The Scary States of America. By Michael Teitelbaum. Delacorte Press. $7.99.

      Frightfulness and funniness go together surprisingly well: a lot of scary stories depend on elements that, considered objectively, are silly, so an author who wishes to can emphasize either the fearful or the funny. These collections of stories offer shivers from a variety of different angles.

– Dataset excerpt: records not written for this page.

theorem lemma9:
  fixes M :: "'a measure" and F :: "nat \<Rightarrow> 'a measure" and X :: "nat \<Rightarrow> 'a \<Rightarrow> real"
    and b l :: real and T :: nat and x v :: "'a \<Rightarrow> real"
  assumes mart: "martingale M F X"
    and X0: "AE \<omega> in M. X 0 \<omega> = 0"
    and b_pos: "b > 0"
    and incr_bd: "\<And>t. t \<ge> 1 \<Longrightarrow> AE \<omega> in M. incr X t \<omega> \<le> b"
    and T_pos: "T \<ge> 1"
    and x_meas: "x \<in> borel_measurable (F (T - 1))"
    and v_meas: "v \<in> borel_measurable (F (T - 1))"
    and x_pos: "\<And>\<omega>. \<omega> \<in> space M \<Longrightarrow> x \<omega> > 0"
    and v_pos: "\<And>\<omega>. \<omega> \<in> space M \<Longrightarrow> v \<omega> > 0"
    and l_pos: "l > 0" and l_lt: "l < 1 / b"
  shows "AE \<omega> in M.
           real_cond_exp M (F (T - 1))
             (indicator {\<eta> \<in> space M. X T \<eta> \<ge> x \<eta> \<and> pqv M F X T \<eta> \<le> ennreal (v \<eta>)}) \<omega>
         \<le> expmart M F X b l (T - 1) \<omega> * exp (- l * x \<omega> + l\<^sup>2 * v \<omega> / (1 - l * b))"
proof -
  obtain n where T: "T = Suc n" using T_pos by (cases T) auto
  interpret finite_measure_subalgebra M "F n"
    using mart by (rule martingale_finite_measure_subalgebra)
  have "integrable M (incr X (Suc n))"
    using mart by (auto simp: martingale_def incr_def[abs_def])
  moreover have "X n \<in> borel_measurable (F n)" "pqv M F X n \<in> borel_measurable (F n)"
    using mart by (auto simp: martingale_def borel_measurable_pqv)
  moreover have "0 \<le> b" "l * b < 1"
    using b_pos l_lt by (simp_all add: field_simps)
  ultimately have "AE \<omega> in M. real_cond_exp M (F n) (indicator {\<eta> \<in> space M.
        x \<eta> \<le> X n \<eta> + incr X (Suc n) \<eta> \<and> pqv M F X (Suc n) \<eta> \<le> ennreal (v \<eta>)}) \<omega>
      \<le> expmart M F X b l n \<omega> * exp (- l * x \<omega> + l\<^sup>2 * v \<omega> / (1 - l * b))"
    unfolding pqv_Suc expmart_def
    using martingale_incr_centered[OF mart, of n] incr_bd[OF T_pos] l_pos x_meas v_meas v_pos
    by (intro real_cond_exp_indicator_le_Freedman) (simp_all add: T less_imp_le)
  then show ?thesis
    by (simp add: T incr_def)
qed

      666: The Number of the Beast is entirely on the dark side. There are 18 original supernatural stories in this anthology, gathered into three groups of six each (6-6-6, that is), under the headings of “Evil,” “Darkness” and “Beasts.” The book is intended for older teenagers and young adults, and some of the authors apparently decided that that justifies going for pure shock value: Christopher Pike’s “Saving Face,” which includes a horror-movie-inspired (and rather disgusting) torture scene, is the most extreme example. Interestingly, it is followed by the shortest and most subtle story in the book, Joyce Carol Oates’ “The Little Sacrifice,” whose implications are far more frightening and far more a part of the real world than the overt violence in Pike’s tale and others. There’s something for every fright fan here, from the demonic possession of Heather Graham’s “If You Knew Suzie,” to the transformation and possible madness in Amelia Atwater-Rhodes’ “Empire of Dirt,” to the SF dystopia of Joshua Gee’s “Incident Report,” to the Poe-esque madness of Robin Wasserman’s “Scapegoat,” to the ghost entrapping the living in P.D. Cacek’s “La Fleur de Nuit.”

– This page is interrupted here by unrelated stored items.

lemma ultrafilter_on_pushforward:
  assumes f: "f ` X \<subseteq> Y" and U: "ultrafilter_on X U"
  shows "ultrafilter_on Y (pushforward f X Y U)"
proof -
  have F: "filter_on X U" using U by (rule ultrafilter_on_filter_on)
  let ?pre = "\<lambda>S. {x \<in> X. f x \<in> S}"
  have mem: "S \<in> pushforward f X Y U \<longleftrightarrow> S \<subseteq> Y \<and> ?pre S \<in> U" for S
    unfolding pushforward_def by simp
  have "filter_on Y (pushforward f X Y U)"
  proof (rule filter_onI)
    have "?pre Y = X" using f by blast
    thus "Y \<in> pushforward f X Y U" using filter_on_top[OF F] mem by simp
    show "pushforward f X Y U \<subseteq> Pow Y" using mem by blast
    show "{} \<notin> pushforward f X Y U" using filter_on_empty[OF F] mem by simp
  next
    fix S T assume "S \<in> pushforward f X Y U" "T \<in> pushforward f X Y U"
    moreover have "?pre (S \<inter> T) = ?pre S \<inter> ?pre T" by blast
    ultimately show "S \<inter> T \<in> pushforward f X Y U"
      using filter_on_Int[OF F, of "?pre S" "?pre T"] mem by auto
  next
    fix S T assume "S \<in> pushforward f X Y U" "S \<subseteq> T" "T \<subseteq> Y"
    moreover have "?pre S \<subseteq> ?pre T" using \<open>S \<subseteq> T\<close> by blast
    ultimately show "T \<in> pushforward f X Y U"
      using filter_on_mono[OF F, of "?pre S" "?pre T"] mem by auto
  qed
  moreover have "?pre (Y - S) = X - ?pre S" for S using f by blast
  ultimately show ?thesis
    using ultrafilter_on_cases[OF U, of "?pre S" for S] mem by (intro ultrafilter_onI) auto
qed

lemma ultrafilter_on_lift:
  assumes f: "f ` X = Y" and U: "ultrafilter_on Y U"
  obtains U' where "ultrafilter_on X U'" "pushforward f X Y U' = U"
proof -
  have F: "filter_on Y U" using U by (rule ultrafilter_on_filter_on)
  let ?pre = "\<lambda>S. {x \<in> X. f x \<in> S}"
  have "?pre S \<noteq> {}" if S: "S \<in> U" for S
  proof -
    have "S \<noteq> {}" using filter_on_empty[OF F] S by auto
    then obtain y where "y \<in> S" by blast
    moreover have "y \<in> f ` X" using filter_on_subset[OF F S] \<open>y \<in> S\<close> f by blast
    ultimately show ?thesis by blast
  qed
  hence "filter_on X {T. T \<subseteq> X \<and> (\<exists>S\<in>U. ?pre S \<subseteq> T)}"
    by (intro filter_on_generated[OF F]) blast+
  then obtain U' where U': "ultrafilter_on X U'" "{T. T \<subseteq> X \<and> (\<exists>S\<in>U. ?pre S \<subseteq> T)} \<subseteq> U'"
    by (rule filter_on_extends_to_ultrafilter)
  have "?pre S \<in> U'" if "S \<in> U" for S
  proof -
    have "?pre S \<in> {T. T \<subseteq> X \<and> (\<exists>S\<in>U. ?pre S \<subseteq> T)}" using that by blast
    thus ?thesis using U'(2) by blast
  qed
  hence "U \<subseteq> pushforward f X Y U'"
    using filter_on_subset[OF F] unfolding pushforward_def by auto
  moreover have "filter_on Y (pushforward f X Y U')"
    using ultrafilter_on_pushforward[OF _ U'(1), of f Y] f by (simp add: ultrafilter_on_filter_on)
  ultimately have "pushforward f X Y U' = U" by (rule ultrafilter_on_maximal[OF U, rotated])
  with U'(1) show thesis by (rule that)
qed

lemma mem_zar_limit_iff: "x \<in> zar_limit Y U \<longleftrightarrow> {V \<in> Y. x \<in> V} \<in> U"
  unfolding zar_limit_def by simp

lemma subset_zar_limit:
  assumes F: "filter_on Y U" and sub: "\<And>V. V \<in> Y \<Longrightarrow> A \<subseteq> V"
  shows "A \<subseteq> zar_limit Y U"
proof
  fix a assume "a \<in> A"
  hence "{V \<in> Y. a \<in> V} = Y" using sub by blast
  thus "a \<in> zar_limit Y U" using filter_on_top[OF F] by (simp add: mem_zar_limit_iff)
qed

lemma zar_limit_closed:
  assumes F: "filter_on Y U" and x: "x \<in> zar_limit Y U" and y: "y \<in> zar_limit Y U"
    and z: "\<And>V. V \<in> Y \<Longrightarrow> x \<in> V \<Longrightarrow> y \<in> V \<Longrightarrow> z \<in> V"
  shows "z \<in> zar_limit Y U"
proof -
  have "{V \<in> Y. x \<in> V} \<inter> {V \<in> Y. y \<in> V} \<in> U"
    using filter_on_Int[OF F] x y by (simp add: mem_zar_limit_iff)
  moreover have "{V \<in> Y. x \<in> V} \<inter> {V \<in> Y. y \<in> V} \<subseteq> {V \<in> Y. z \<in> V}" using z by blast
  ultimately have "{V \<in> Y. z \<in> V} \<in> U" using filter_on_mono[OF F] by blast
  thus ?thesis by (simp add: mem_zar_limit_iff)
qed

lemma valuation_ring_zar_limit:
  assumes U: "ultrafilter_on Y U" and val: "\<And>V. V \<in> Y \<Longrightarrow> valuation_ring V"
  shows "valuation_ring (zar_limit Y U)"
proof -
  let ?W = "zar_limit Y U"
  have F: "filter_on Y U" using U by (rule ultrafilter_on_filter_on)
  have ring: "is_subring V" if "V \<in> Y" for V using val[OF that] by (simp add: valuation_ring_def)
  have "{0, 1} \<subseteq> ?W" using ring by (intro subset_zar_limit[OF F]) (simp add: is_subring_def)
  moreover have "x + y \<in> ?W" "- x \<in> ?W" "x * y \<in> ?W" if "x \<in> ?W" "y \<in> ?W" for x y
    using zar_limit_closed[OF F that] zar_limit_closed[OF F that(1) that(1)] ring
    by (simp_all add: is_subring_def)
  ultimately have "is_subring ?W" unfolding is_subring_def by (intro conjI ballI) auto
  moreover have "inverse x \<in> ?W" if "x \<noteq> 0" "x \<notin> ?W" for x
  proof -
    have "Y - {V \<in> Y. x \<in> V} \<in> U"
      using ultrafilter_on_Diff_iff[OF U, of "{V \<in> Y. x \<in> V}"] that(2) by (simp add: mem_zar_limit_iff)
    moreover have "Y - {V \<in> Y. x \<in> V} \<subseteq> {V \<in> Y. inverse x \<in> V}"
      using val that(1) unfolding valuation_ring_def by blast
    ultimately show ?thesis using filter_on_mono[OF F] by (simp add: mem_zar_limit_iff)
  qed
  ultimately show ?thesis unfolding valuation_ring_def by blast
qed

lemma mem_max_ideal_iff: "x \<in> max_ideal V \<longleftrightarrow> x \<in> V \<and> (x = 0 \<or> inverse x \<notin> V)"
  unfolding max_ideal_def by auto

text \<open>Being a non-unit is a Boolean combination of memberships, which ultrafilters respect.\<close>

lemma max_ideal_zar_limit:
  assumes U: "ultrafilter_on Y U"
  shows "x \<in> max_ideal (zar_limit Y U) \<longleftrightarrow> {V \<in> Y. x \<in> max_ideal V} \<in> U"
proof (cases "x = 0")
  case True
  thus ?thesis by (simp add: mem_max_ideal_iff mem_zar_limit_iff)
next
  case False
  have F: "filter_on Y U" using U by (rule ultrafilter_on_filter_on)
  have "{V \<in> Y. x \<in> max_ideal V} = {V \<in> Y. x \<in> V} \<inter> (Y - {V \<in> Y. inverse x \<in> V})"
    using False by (auto simp: mem_max_ideal_iff)
  thus ?thesis
    using False filter_on_Int_iff[OF F, of "{V \<in> Y. x \<in> V}" "Y - {V \<in> Y. inverse x \<in> V}"]
      ultrafilter_on_Diff_iff[OF U, of "{V \<in> Y. inverse x \<in> V}"]
    by (simp add: mem_max_ideal_iff mem_zar_limit_iff)
qed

      Vivian Vande Velde also has a story of a ghost seeking a living person to take her place in Curses, Inc. Originally published in 1997 and now available in paperback, this collection shows its age in some ways, as in the title story, whose protagonist connects to the Internet by dialup modem. Vande Velde aims for readers as young as 12 and keeps her frights more modest and laced with occasional humor than do authors seeing older readers: the title tale here has a neatly amusing twist ending, and “To Converse with Dumb Beasts” is out-and-out hilarious. There are 10 stories in all, including “Past Sunset,” the one in which a ghost seeks a replacement. Vande Velde’s end notes are interesting both for background and for showing that an author does not always know which of her tales are most effective: she gives short shrift to “Remember Me,” for example, but this tale of lost (or stolen) identity is both clever and a real chiller.

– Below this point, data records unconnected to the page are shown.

(* Under the saturation assumption below, suppose that $\hat{\mathcal I}$ is not a subset of any $\mathcal I\in\mathbb I^*$. Then $C_2=\sum_{\mathcal I\in\mathbb I^*}T_{\mathcal I}-\sum_{\mathcal I\in\overline{\mathbb I}^*}\overline T_{\mathcal I}$ (as a function of $\delta\in(0,\bar\delta]$) can be written as $P(\delta)/D(\delta)$, where $P$ and $D$ are polynomials in $\delta$, $D$ is a finite product of factors of the form $|\alpha_{\mathcal E(\mathcal I)}|-|\alpha_{\mathcal I}|$ ($\mathcal I\in\mathbb I$) or $|\alpha_{\overline{\mathcal E}(\mathcal I)}|-|\alpha_{\mathcal I}|$ ($\mathcal I\in\overline{\mathbb I}$), and $P(0)>0$.
   Context: A matching model: finite connected simple graph $\mathcal G=(\mathcal V,\xi)$, $\mathcal V=\{1,\dots,n\}$, arrival distribution $\alpha$ on $\mathcal V$; FCFS policy (an arriving item of class $i$ is matched with the oldest present item whose class is a neighbour of $i$, otherwise it waits). $\mathcal E(i)$ is the neighbour set of $i$ in $\mathcal G$, $\mathcal E(V)=\bigcup_{i\in V}\mathcal E(i)$, $|\alpha_V|=\sum_{i\in V}\alpha_i$. An independent set is a non-empty set of pairwise non-adjacent nodes; $\mathbb I$ is the set of independent sets of $\mathcal G$. Fix distinct non-adjacent nodes $i^*,j^*$; $\overline{\mathcal G}$ is $\mathcal G$ with edge $\{i^*,j^*\}$ added, with neighbourhood map $\overline{\mathcal E}$ and set of independent sets $\overline{\mathbb I}$. $\mathbb I^*=\{\mathcal I\in\mathbb I: i^*\in\mathcal I\text{ or }j^*\in\mathcal I\}$, $\mathbb I^{-*}=\mathbb I\setminus\mathbb I^*$, $\overline{\mathbb I}^*=\{\mathcal I\in\overline{\mathbb I}: i^*\in\mathcal I\text{ or }j^*\in\mathcal I\}$. For $\mathcal I\in\mathbb I$ and an ordering $(i_1,\dots,i_m)$ of $\mathcal I$, with $\mathcal I_k=\{i_1,\dots,i_k\}$, set $T_{(i_1,\dots,i_m)}=\prod_{k=1}^m\frac{\alpha_{i_k}}{|\alpha_{\mathcal E(\mathcal I_k)}|-|\alpha_{\mathcal I_k}|}$; $T_{\mathcal I}$ is the sum over all orderings of $\mathcal I$. $\overline T_{\mathcal I}$ ($\mathcal I\in\overline{\mathbb I}$) is defined identically with $\mathcal E$ replaced by $\overline{\mathcal E}$. Saturation assumption: $\alpha_i=a_i+b_i\delta$ with constants $a_i>0$, $b_i\in\mathbb R$, such that for all $\delta\in(0,\bar\delta]$ (some $\bar\delta>0$) $\alpha$ is a probability distribution satisfying the stability condition $|\alpha_{\mathcal I}|<|\alpha_{\mathcal E(\mathcal I)}|$ for all $\mathcal I\in\mathbb I$; moreover $\sum_{i\in\mathcal E(\hat{\mathcal I})}a_i-\sum_{i\in\hat{\mathcal I}}a_i=0$ for exactly one independent set $\hat{\mathcal I}\in\mathbb I$ (called saturated). *)

theory Defs
  imports "HOL-Combinatorics.Multiset_Permutations" "HOL-Computational_Algebra.Polynomial"
begin

definition simple_graph :: "nat set \<Rightarrow> (nat \<Rightarrow> nat \<Rightarrow> bool) \<Rightarrow> bool" where
  "simple_graph V E \<longleftrightarrow> finite V \<and> (\<forall>x y. E x y \<longrightarrow> x \<in> V \<and> y \<in> V)
     \<and> (\<forall>x y. E x y \<longrightarrow> E y x) \<and> (\<forall>x. \<not> E x x)"

definition graph_connected :: "nat set \<Rightarrow> (nat \<Rightarrow> nat \<Rightarrow> bool) \<Rightarrow> bool" where
  "graph_connected V E \<longleftrightarrow> (\<forall>x\<in>V. \<forall>y\<in>V. (\<lambda>u v. E u v \<and> u \<in> V \<and> v \<in> V)\<^sup>*\<^sup>* x y)"

definition add_edge :: "(nat \<Rightarrow> nat \<Rightarrow> bool) \<Rightarrow> nat \<Rightarrow> nat \<Rightarrow> (nat \<Rightarrow> nat \<Rightarrow> bool)" where
  "add_edge E i j = (\<lambda>x y. E x y \<or> (x = i \<and> y = j) \<or> (x = j \<and> y = i))"

definition nbr :: "nat set \<Rightarrow> (nat \<Rightarrow> nat \<Rightarrow> bool) \<Rightarrow> nat \<Rightarrow> nat set" where
  "nbr V E i = {j \<in> V. E i j}"

definition nbrs :: "nat set \<Rightarrow> (nat \<Rightarrow> nat \<Rightarrow> bool) \<Rightarrow> nat set \<Rightarrow> nat set" where
  "nbrs V E S = (\<Union>i\<in>S. nbr V E i)"

definition indep_sets :: "nat set \<Rightarrow> (nat \<Rightarrow> nat \<Rightarrow> bool) \<Rightarrow> nat set set" where
  "indep_sets V E = {I. I \<noteq> {} \<and> I \<subseteq> V \<and> (\<forall>x\<in>I. \<forall>y\<in>I. \<not> E x y)}"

      There’s nothing chilling at all in One Beastly Beast (Two Aliens, Three Inventors, Four Fantastic Tales), perhaps because Garth Nix intends this book for ages 7-11. But there’s plenty of fun in the four brief fantasy adventures here, including “Blackbread the Pirate,” in which a boy enters a world of swashbuckling rats – real rats; and “The Princess and the Beastly Beast,” in which Princess Rinda has to decide whether to jump into the maw of the beast of the title. Then there’s the tale of the aliens who want to kidnap, or maybe adopt, “Bill the Inventor.” And in “Serena and the Sea Serpent,” the title character befriends a fierce monster and finds herself turned into…a penguin. Brian Biggs’ amusing, cartoonlike illustrations of all these characters add to the book’s considerable charm.

      There’s not much charming in any of The Scary States of America, according to Michael Teitelbaum, who offers “50 Weird and Terrifying Stories Based on True Events.” Teitelbaum creates as his narrator a spook chaser named Jason Specter, who had an experience inside a weird locker in fourth grade and has collected stories of the paranormal from around the United States ever since. Once you get past the gimmick of one story per state, the tales themselves are pretty straightforward, and some are just dull; the book as a whole deserves a (+++) rating. Each tale is introduced with a brief fact about the state – but you’ll be disappointed if you expect a connection between the real-world information and the made-up stories. For South Dakota, for example, the opening statement is about the carving of Mount Rushmore, but the story is about a woman who finds her husband cheating and kills him. The Hawaii fact mentions Pearl Harbor; the story involves the skeletal ghosts of a long-ago battle won by King Kamehameha. The Nevada fact mentions weddings in Las Vegas; the story is about dreaming of a fire before it happens. The chapters are all brief and easy to read, and the book may be an enjoyable accompaniment to a lengthy family drive around the U.S. But it’s really not particularly scary.